**Work to complete**. Keyword search on "definition": report each line of the records that contains it.

Stored items:
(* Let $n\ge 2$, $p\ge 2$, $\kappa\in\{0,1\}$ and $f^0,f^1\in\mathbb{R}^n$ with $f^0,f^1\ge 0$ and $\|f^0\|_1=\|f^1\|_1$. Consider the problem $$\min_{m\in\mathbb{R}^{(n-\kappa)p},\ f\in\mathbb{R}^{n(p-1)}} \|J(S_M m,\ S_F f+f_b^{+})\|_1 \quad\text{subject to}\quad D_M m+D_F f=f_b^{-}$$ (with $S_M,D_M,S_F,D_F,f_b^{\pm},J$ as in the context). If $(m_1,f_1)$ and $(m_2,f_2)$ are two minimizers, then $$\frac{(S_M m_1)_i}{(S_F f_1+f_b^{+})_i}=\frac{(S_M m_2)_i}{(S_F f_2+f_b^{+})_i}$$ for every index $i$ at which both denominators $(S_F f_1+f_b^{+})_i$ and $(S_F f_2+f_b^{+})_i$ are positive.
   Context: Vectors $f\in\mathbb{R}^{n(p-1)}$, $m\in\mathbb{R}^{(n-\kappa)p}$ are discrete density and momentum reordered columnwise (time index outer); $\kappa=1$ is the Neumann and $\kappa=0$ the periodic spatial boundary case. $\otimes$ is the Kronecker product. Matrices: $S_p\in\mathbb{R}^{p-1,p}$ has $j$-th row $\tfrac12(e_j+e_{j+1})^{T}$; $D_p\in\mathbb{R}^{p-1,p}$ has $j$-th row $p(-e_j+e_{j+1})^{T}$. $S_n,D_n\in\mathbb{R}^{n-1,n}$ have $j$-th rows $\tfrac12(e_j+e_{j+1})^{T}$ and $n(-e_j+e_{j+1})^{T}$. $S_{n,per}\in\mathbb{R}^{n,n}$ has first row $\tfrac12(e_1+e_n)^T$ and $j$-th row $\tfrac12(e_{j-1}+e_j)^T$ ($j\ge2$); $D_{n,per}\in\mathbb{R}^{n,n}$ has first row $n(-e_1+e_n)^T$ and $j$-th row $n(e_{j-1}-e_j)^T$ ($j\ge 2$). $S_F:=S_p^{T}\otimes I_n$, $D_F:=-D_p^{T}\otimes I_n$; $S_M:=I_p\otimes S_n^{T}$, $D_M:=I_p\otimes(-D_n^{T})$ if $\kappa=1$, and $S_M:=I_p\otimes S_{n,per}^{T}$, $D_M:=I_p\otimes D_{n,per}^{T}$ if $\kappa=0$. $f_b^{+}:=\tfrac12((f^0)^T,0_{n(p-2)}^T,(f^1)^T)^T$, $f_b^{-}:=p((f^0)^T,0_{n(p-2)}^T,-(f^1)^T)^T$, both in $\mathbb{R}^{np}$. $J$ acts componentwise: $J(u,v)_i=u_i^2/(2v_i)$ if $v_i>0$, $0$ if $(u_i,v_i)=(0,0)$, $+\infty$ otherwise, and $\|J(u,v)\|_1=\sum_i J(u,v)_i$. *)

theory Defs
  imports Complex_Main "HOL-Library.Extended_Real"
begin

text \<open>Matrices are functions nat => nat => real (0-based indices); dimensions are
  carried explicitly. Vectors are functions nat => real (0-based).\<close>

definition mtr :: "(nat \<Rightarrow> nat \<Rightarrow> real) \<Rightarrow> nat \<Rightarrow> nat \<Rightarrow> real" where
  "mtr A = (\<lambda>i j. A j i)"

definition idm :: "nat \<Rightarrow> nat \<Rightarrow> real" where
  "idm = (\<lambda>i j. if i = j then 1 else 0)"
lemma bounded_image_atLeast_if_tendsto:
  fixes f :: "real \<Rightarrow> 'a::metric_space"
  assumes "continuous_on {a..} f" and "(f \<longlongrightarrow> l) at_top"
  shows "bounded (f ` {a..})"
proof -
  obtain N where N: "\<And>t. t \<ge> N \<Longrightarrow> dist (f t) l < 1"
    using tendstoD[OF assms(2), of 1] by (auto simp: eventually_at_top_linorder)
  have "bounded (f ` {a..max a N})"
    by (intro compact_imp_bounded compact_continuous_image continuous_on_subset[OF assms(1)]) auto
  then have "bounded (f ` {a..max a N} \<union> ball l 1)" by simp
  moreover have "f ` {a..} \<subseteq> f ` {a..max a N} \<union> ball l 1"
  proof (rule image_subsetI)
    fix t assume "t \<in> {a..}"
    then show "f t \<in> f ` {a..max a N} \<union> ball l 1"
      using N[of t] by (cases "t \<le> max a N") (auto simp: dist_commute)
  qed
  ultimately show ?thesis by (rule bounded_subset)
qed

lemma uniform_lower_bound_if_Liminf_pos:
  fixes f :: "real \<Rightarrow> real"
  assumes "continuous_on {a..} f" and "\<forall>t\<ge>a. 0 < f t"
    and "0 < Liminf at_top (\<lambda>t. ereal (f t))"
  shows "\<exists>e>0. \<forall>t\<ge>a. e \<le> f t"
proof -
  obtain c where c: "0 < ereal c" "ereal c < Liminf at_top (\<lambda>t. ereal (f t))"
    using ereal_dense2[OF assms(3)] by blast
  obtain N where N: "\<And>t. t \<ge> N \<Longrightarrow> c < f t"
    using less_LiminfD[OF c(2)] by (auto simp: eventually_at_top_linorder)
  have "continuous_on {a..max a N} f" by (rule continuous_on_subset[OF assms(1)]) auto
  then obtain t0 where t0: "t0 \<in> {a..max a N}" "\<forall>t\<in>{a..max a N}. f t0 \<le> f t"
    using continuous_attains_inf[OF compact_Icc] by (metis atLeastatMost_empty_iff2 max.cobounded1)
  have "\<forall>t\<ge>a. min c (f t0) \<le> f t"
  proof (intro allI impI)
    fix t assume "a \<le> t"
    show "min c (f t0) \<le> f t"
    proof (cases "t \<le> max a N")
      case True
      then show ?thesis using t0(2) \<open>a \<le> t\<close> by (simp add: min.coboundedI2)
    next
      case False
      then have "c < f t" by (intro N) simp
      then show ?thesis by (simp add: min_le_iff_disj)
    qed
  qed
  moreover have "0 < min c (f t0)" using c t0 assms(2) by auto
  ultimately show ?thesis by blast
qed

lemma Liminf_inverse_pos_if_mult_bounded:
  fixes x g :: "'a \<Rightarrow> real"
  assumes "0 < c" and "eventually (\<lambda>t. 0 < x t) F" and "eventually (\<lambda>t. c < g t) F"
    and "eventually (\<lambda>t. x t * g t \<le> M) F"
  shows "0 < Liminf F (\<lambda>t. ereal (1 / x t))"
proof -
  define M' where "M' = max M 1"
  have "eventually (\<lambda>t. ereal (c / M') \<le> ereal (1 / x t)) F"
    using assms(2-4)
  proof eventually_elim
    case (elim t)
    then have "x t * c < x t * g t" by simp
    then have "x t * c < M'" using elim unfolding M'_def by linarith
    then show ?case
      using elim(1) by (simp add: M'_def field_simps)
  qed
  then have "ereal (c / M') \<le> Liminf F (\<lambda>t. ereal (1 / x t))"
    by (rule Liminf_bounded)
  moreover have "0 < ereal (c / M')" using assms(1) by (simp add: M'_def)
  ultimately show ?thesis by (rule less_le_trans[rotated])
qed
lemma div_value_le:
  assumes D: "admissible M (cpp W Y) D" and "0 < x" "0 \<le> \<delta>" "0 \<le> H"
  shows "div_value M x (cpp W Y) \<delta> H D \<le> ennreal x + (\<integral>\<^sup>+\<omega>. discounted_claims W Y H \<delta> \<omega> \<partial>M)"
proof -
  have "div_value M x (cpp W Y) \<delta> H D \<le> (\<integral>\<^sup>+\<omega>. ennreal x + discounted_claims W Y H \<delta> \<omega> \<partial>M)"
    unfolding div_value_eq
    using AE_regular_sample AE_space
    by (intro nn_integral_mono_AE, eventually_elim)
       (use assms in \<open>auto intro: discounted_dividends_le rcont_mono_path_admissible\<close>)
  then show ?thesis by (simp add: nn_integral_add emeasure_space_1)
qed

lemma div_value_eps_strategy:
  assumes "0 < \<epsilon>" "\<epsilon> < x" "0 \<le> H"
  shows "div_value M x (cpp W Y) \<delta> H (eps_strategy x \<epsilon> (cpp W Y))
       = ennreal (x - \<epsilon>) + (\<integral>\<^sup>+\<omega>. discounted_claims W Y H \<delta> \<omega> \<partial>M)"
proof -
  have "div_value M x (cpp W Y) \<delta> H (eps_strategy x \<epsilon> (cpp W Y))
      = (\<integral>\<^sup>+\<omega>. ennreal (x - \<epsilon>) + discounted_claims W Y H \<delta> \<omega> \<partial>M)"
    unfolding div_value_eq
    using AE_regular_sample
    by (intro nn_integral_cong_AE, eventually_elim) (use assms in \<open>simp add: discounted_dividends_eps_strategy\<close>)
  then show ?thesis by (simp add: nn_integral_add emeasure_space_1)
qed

**Completed task**.
definition mtr :: "(nat \<Rightarrow> nat \<Rightarrow> real) \<Rightarrow> nat \<Rightarrow> nat \<Rightarrow> real" where
definition idm :: "nat \<Rightarrow> nat \<Rightarrow> real" where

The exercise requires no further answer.